[Collected data]
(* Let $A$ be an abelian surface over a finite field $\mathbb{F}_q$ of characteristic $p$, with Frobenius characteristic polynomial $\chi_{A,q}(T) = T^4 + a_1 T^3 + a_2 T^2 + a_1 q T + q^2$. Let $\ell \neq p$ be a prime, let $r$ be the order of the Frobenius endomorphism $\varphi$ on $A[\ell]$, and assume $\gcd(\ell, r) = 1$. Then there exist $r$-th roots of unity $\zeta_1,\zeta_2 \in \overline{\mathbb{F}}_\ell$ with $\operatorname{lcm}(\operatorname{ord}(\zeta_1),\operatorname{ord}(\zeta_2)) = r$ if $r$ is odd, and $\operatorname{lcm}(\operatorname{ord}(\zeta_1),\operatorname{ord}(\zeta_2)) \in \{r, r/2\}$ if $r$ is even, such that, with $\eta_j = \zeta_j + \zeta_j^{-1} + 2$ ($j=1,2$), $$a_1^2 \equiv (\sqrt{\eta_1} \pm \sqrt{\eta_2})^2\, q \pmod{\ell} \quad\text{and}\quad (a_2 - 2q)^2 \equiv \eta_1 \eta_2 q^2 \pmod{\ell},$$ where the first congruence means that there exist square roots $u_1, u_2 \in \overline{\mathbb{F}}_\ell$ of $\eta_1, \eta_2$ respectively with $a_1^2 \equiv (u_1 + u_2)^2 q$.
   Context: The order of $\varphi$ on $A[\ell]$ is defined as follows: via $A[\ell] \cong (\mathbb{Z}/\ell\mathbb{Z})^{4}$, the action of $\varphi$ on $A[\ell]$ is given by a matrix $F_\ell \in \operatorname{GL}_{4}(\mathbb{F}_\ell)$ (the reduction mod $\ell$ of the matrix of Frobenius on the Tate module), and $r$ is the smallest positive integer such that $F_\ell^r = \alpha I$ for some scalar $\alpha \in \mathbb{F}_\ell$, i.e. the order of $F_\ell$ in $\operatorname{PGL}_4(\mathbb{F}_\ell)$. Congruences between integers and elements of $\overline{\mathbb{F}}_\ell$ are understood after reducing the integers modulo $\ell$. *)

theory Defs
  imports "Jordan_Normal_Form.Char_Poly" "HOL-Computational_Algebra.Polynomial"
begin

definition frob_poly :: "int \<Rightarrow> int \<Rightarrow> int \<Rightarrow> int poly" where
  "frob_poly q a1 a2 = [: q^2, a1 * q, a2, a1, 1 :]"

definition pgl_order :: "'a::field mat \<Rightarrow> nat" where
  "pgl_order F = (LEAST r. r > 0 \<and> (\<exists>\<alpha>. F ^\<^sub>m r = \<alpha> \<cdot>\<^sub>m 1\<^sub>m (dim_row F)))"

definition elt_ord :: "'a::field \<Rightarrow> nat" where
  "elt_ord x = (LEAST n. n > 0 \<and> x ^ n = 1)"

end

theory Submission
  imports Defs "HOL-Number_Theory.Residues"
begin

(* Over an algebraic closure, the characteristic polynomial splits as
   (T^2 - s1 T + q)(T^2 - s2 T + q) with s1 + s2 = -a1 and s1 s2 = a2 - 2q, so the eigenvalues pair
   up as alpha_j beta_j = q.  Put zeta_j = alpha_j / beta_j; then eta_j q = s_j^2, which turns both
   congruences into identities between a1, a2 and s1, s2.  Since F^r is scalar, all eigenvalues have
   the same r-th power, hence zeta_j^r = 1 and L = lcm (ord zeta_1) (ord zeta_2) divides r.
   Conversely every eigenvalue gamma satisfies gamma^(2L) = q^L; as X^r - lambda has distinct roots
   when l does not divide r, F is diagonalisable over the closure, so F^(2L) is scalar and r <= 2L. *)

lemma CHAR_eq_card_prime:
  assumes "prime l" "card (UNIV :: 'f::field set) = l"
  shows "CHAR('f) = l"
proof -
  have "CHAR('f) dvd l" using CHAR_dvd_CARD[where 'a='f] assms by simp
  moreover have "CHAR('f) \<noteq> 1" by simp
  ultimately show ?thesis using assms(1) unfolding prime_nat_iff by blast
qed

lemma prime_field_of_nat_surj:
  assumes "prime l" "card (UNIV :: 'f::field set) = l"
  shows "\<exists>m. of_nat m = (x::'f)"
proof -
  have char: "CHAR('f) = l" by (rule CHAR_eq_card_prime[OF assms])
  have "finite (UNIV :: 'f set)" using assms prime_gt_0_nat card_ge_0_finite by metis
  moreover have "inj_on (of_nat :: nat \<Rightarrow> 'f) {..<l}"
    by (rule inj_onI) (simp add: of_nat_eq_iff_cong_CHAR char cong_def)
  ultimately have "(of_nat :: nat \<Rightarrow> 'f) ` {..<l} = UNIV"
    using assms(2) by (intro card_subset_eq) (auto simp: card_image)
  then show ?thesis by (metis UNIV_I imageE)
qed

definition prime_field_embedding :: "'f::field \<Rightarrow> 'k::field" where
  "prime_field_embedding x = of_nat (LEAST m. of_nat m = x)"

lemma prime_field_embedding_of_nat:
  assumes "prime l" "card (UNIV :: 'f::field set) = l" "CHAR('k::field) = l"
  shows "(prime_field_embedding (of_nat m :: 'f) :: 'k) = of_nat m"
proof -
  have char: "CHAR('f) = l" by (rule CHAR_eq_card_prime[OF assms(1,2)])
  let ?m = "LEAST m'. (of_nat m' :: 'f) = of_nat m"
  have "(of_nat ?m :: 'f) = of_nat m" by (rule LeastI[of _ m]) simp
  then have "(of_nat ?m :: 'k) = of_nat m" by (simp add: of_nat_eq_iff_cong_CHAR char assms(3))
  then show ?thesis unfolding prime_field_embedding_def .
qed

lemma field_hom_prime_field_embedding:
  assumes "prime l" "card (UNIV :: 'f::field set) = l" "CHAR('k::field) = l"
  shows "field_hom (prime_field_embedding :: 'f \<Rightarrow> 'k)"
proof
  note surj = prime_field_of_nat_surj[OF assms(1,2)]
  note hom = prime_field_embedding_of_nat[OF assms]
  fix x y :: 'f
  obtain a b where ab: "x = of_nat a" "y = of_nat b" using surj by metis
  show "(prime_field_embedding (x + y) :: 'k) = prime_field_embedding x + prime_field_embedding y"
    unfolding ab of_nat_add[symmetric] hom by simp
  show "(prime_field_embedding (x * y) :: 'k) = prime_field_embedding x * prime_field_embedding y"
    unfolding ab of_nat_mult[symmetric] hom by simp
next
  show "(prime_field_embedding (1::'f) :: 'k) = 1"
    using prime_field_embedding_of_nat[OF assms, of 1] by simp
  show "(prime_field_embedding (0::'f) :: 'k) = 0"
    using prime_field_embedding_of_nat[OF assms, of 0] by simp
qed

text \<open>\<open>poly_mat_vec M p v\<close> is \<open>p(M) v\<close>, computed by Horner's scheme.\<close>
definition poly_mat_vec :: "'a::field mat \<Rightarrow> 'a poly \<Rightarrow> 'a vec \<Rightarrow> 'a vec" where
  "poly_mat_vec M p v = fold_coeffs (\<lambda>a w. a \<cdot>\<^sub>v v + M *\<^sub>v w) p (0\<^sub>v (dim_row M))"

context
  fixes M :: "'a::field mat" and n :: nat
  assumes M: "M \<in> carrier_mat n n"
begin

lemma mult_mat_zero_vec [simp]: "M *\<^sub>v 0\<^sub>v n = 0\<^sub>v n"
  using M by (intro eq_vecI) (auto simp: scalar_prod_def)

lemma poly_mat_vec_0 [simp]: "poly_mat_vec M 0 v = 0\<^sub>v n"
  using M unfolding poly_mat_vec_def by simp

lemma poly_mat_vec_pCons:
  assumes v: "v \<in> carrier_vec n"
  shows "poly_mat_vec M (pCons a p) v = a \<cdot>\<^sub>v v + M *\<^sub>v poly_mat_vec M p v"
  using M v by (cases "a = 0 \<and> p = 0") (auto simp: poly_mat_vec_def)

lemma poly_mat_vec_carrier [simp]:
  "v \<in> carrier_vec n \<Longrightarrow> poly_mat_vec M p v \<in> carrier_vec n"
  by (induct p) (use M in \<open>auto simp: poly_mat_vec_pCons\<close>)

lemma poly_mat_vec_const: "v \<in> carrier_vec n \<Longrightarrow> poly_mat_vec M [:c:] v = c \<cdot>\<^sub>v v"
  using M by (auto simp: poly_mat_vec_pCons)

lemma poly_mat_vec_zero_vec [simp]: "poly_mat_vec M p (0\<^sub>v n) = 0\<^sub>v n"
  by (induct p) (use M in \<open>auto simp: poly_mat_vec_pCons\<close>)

---

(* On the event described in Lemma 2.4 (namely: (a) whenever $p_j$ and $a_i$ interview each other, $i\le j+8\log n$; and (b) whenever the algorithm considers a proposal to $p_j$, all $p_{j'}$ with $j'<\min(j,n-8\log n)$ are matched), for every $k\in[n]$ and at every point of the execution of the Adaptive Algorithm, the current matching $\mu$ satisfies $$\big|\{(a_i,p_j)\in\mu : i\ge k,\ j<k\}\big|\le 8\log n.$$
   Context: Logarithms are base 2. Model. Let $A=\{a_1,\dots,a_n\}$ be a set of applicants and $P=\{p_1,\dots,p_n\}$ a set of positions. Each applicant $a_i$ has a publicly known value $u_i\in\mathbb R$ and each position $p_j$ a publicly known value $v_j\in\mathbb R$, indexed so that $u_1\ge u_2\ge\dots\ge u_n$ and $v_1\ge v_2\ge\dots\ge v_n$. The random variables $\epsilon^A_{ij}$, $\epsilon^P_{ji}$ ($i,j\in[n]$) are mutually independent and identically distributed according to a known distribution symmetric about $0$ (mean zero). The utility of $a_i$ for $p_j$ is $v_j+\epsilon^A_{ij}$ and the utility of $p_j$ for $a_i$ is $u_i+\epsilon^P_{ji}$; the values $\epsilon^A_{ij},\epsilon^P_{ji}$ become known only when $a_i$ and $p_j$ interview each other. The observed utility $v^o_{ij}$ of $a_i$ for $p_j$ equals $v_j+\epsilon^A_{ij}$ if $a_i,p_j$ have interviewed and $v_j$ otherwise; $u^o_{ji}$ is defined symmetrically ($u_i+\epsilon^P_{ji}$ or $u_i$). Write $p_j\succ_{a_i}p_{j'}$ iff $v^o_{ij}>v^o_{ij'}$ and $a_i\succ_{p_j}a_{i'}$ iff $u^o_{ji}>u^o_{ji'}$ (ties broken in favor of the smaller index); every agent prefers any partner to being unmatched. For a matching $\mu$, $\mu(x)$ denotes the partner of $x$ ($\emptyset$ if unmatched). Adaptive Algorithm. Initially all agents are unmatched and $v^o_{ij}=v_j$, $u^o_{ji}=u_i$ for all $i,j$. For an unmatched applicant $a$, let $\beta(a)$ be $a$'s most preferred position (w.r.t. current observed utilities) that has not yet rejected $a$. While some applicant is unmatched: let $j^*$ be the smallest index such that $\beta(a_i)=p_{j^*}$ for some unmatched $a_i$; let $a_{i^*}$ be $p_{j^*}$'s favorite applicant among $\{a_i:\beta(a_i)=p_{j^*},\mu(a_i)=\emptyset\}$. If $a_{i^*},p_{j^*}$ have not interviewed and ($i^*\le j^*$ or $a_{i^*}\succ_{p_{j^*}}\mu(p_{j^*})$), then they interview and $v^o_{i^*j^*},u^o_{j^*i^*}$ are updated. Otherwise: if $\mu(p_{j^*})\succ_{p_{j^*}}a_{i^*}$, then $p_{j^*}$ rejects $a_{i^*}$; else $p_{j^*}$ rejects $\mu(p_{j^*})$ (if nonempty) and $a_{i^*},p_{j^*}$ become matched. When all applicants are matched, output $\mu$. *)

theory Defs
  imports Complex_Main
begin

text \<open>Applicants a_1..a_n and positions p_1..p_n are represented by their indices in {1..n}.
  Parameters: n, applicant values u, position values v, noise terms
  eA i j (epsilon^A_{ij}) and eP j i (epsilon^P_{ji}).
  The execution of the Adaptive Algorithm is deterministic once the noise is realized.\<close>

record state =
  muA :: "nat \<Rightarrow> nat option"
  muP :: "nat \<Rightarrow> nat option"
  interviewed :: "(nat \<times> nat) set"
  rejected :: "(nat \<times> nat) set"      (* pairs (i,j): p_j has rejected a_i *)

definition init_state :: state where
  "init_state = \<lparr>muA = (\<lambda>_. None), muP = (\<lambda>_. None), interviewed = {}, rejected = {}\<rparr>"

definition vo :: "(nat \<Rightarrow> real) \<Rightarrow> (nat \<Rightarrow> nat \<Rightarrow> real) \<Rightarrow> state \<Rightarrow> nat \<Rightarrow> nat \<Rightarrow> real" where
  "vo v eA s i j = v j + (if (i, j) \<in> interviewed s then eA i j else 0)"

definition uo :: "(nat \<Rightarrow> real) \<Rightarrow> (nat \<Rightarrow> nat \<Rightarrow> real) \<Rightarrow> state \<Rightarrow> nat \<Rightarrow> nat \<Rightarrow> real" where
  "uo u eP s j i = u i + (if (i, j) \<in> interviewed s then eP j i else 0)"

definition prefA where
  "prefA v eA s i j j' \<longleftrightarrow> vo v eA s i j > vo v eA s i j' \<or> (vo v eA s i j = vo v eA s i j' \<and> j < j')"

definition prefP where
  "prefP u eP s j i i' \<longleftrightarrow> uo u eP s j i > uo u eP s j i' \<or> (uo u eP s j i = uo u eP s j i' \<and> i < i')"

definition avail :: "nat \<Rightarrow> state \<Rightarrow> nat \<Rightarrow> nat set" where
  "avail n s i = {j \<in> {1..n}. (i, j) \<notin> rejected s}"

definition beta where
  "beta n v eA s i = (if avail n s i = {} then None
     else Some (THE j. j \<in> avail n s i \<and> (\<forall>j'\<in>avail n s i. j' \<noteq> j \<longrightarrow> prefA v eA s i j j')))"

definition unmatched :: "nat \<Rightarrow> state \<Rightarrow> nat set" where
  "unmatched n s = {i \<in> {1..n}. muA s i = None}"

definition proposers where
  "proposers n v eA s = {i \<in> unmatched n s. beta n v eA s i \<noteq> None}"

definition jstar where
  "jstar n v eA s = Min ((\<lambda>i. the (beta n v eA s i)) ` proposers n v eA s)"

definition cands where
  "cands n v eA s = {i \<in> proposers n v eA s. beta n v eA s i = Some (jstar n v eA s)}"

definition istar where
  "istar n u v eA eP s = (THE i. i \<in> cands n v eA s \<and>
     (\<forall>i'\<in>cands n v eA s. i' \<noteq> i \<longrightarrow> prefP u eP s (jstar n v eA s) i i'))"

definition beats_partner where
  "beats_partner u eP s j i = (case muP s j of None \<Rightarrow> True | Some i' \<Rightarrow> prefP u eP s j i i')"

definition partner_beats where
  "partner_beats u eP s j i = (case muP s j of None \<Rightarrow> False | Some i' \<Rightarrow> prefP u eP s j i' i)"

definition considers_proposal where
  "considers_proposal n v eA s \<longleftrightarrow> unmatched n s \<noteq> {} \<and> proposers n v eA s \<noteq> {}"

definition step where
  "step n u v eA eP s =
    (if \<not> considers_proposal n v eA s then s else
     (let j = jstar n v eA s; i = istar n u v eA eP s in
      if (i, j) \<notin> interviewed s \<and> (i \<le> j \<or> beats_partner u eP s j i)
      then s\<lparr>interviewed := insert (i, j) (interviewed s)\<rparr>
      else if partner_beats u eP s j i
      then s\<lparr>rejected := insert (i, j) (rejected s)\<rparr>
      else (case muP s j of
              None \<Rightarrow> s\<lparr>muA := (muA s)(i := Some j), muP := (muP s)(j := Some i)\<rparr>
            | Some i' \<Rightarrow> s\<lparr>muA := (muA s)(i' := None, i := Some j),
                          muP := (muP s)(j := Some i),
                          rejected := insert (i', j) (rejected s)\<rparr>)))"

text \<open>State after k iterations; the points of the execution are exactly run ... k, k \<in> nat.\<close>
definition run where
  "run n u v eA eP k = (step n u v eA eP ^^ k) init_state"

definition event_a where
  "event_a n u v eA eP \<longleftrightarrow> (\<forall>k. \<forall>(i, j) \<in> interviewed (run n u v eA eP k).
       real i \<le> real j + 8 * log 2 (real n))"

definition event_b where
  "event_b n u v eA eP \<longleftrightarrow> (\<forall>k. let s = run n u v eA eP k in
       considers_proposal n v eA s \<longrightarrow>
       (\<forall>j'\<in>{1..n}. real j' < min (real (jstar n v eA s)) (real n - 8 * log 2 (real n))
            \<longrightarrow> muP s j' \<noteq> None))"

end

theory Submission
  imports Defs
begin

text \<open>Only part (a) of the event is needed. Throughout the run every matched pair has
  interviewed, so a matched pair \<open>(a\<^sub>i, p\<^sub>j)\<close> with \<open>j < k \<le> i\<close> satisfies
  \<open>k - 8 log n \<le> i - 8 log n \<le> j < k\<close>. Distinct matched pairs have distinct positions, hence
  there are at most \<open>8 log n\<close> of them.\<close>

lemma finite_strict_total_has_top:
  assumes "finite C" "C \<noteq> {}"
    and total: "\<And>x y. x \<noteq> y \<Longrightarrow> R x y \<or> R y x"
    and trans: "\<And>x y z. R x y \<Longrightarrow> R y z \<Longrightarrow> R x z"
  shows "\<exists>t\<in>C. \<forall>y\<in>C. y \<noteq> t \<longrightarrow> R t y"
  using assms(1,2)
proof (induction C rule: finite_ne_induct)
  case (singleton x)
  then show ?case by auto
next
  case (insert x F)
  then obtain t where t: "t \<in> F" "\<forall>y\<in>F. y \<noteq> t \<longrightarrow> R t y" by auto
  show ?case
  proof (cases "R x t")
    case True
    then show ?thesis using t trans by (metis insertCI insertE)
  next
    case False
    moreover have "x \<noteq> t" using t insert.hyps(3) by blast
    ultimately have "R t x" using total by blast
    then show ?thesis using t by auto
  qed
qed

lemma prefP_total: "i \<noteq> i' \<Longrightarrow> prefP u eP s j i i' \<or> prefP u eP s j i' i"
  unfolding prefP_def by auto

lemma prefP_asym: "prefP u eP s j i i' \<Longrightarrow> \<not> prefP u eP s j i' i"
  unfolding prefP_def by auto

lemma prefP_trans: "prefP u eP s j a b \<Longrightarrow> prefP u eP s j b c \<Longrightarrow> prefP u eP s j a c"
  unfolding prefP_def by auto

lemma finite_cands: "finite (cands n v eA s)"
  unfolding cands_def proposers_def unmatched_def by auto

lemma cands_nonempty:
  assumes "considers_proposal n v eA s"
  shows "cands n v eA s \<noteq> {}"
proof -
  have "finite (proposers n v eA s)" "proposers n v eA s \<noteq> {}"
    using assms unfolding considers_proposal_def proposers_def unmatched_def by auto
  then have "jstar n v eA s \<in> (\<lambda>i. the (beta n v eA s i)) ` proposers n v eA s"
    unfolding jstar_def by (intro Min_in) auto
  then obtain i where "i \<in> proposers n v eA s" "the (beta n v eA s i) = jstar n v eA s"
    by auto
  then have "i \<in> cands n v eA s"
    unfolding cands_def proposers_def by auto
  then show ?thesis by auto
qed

...

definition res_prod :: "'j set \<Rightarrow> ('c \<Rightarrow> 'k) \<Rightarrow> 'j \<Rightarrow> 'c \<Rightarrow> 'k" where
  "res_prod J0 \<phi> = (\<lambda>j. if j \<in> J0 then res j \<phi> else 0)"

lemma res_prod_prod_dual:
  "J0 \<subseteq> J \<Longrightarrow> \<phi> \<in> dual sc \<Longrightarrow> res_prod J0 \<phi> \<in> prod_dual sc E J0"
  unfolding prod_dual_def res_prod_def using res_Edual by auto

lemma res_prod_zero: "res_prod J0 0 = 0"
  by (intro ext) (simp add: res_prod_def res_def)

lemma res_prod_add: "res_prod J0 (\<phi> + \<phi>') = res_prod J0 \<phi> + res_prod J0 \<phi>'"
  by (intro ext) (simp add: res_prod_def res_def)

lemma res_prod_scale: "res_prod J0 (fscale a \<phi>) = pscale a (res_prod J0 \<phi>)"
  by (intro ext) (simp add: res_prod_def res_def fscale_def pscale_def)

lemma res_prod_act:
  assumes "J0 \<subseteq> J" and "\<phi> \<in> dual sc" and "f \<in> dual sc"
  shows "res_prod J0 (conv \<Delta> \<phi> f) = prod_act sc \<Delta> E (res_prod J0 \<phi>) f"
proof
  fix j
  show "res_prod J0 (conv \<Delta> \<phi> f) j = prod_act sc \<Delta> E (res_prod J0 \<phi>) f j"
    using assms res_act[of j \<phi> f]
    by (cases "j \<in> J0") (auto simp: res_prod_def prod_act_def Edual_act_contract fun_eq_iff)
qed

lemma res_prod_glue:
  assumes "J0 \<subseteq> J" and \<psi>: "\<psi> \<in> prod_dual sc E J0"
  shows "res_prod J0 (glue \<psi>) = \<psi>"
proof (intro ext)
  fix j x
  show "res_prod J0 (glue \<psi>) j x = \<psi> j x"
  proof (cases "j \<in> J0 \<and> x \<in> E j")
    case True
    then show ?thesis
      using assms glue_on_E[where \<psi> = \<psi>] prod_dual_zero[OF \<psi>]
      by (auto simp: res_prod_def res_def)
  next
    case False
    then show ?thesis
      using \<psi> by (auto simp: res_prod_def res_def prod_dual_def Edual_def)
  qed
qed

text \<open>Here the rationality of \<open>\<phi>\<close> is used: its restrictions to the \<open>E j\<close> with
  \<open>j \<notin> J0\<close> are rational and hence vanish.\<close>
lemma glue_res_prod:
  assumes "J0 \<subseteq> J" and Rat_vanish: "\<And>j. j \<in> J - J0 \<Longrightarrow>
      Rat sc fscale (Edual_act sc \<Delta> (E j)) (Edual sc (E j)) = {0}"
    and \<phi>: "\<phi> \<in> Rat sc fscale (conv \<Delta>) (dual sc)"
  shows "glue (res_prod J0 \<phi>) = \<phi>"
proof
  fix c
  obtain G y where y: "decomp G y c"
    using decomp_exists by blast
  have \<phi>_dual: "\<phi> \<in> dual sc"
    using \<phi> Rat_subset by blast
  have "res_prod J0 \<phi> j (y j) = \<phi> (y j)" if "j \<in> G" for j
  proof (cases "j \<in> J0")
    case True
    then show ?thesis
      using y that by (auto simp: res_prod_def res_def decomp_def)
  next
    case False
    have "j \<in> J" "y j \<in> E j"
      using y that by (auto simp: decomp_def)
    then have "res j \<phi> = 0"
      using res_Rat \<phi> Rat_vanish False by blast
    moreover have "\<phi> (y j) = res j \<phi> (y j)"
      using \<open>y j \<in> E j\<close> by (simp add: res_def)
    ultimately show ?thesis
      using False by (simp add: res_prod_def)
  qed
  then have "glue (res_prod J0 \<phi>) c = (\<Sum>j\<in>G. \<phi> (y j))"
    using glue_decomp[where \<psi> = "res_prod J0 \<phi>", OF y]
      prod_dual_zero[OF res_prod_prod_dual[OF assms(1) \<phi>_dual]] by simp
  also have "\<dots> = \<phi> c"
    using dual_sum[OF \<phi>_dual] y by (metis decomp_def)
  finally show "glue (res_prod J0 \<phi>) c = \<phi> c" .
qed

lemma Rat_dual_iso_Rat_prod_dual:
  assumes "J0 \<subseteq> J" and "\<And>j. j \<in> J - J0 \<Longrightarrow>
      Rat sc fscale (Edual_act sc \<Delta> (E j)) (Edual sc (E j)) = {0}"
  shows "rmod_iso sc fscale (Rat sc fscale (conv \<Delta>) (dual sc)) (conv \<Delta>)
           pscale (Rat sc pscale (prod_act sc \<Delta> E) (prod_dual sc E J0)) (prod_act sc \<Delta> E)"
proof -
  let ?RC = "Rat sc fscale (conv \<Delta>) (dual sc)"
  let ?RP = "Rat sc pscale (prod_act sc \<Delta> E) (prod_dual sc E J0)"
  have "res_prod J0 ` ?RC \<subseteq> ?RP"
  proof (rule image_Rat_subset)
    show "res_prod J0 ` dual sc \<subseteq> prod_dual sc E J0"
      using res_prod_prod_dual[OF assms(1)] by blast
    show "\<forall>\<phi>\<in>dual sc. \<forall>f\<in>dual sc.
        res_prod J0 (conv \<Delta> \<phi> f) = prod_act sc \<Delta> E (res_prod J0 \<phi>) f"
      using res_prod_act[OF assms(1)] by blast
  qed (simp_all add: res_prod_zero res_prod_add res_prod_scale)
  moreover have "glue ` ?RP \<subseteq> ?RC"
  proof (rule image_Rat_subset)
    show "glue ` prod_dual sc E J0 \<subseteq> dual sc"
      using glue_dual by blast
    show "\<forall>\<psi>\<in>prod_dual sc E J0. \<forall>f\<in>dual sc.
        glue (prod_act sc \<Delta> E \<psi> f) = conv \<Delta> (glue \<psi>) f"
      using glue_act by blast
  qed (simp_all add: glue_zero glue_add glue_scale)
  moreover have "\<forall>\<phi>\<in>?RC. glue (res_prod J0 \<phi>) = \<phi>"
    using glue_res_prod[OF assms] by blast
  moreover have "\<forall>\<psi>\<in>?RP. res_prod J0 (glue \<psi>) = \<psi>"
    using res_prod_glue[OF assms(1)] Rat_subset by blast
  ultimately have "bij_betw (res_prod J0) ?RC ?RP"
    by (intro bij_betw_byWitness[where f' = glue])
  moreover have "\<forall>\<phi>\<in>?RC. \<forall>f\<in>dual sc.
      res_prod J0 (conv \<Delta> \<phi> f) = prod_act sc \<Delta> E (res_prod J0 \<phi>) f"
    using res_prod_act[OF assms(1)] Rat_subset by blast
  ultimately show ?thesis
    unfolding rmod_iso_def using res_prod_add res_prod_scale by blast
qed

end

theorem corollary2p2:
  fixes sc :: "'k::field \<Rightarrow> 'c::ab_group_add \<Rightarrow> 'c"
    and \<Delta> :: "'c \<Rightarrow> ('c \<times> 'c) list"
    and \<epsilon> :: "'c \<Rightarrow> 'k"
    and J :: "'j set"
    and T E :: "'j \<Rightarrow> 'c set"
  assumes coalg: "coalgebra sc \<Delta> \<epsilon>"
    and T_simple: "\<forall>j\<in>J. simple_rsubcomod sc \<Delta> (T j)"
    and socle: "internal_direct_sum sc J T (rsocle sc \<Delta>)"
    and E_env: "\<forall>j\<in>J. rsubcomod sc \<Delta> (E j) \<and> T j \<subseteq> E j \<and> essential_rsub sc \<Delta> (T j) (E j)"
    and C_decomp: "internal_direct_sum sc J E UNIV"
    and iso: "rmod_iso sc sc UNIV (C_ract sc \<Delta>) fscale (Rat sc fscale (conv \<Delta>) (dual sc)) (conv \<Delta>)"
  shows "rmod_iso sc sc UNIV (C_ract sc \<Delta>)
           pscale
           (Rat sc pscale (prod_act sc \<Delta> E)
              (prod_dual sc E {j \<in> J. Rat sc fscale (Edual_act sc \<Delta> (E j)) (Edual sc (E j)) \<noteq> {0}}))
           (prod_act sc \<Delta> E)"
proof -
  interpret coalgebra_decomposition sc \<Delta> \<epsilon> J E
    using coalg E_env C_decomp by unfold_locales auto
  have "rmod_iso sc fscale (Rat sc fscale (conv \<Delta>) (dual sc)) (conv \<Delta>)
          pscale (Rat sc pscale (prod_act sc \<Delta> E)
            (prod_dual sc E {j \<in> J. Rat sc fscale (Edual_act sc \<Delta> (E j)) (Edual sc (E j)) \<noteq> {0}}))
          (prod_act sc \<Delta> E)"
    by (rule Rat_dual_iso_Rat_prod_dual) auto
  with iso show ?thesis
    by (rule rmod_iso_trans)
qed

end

Task goal =
Whenever the word "execution" shows up in a line of the entries, copy that line.

Completed exercise =
(* On the event described in Lemma 2.4 (namely: (a) whenever $p_j$ and $a_i$ interview each other, $i\le j+8\log n$; and (b) whenever the algorithm considers a proposal to $p_j$, all $p_{j'}$ with $j'<\min(j,n-8\log n)$ are matched), for every $k\in[n]$ and at every point of the execution of the Adaptive Algorithm, the current matching $\mu$ satisfies $$\big|\{(a_i,p_j)\in\mu : i\ge k,\ j<k\}\big|\le 8\log n.$$
  The execution of the Adaptive Algorithm is deterministic once the noise is realized.\<close>
text \<open>State after k iterations; the points of the execution are exactly run ... k, k \<in> nat.\<close>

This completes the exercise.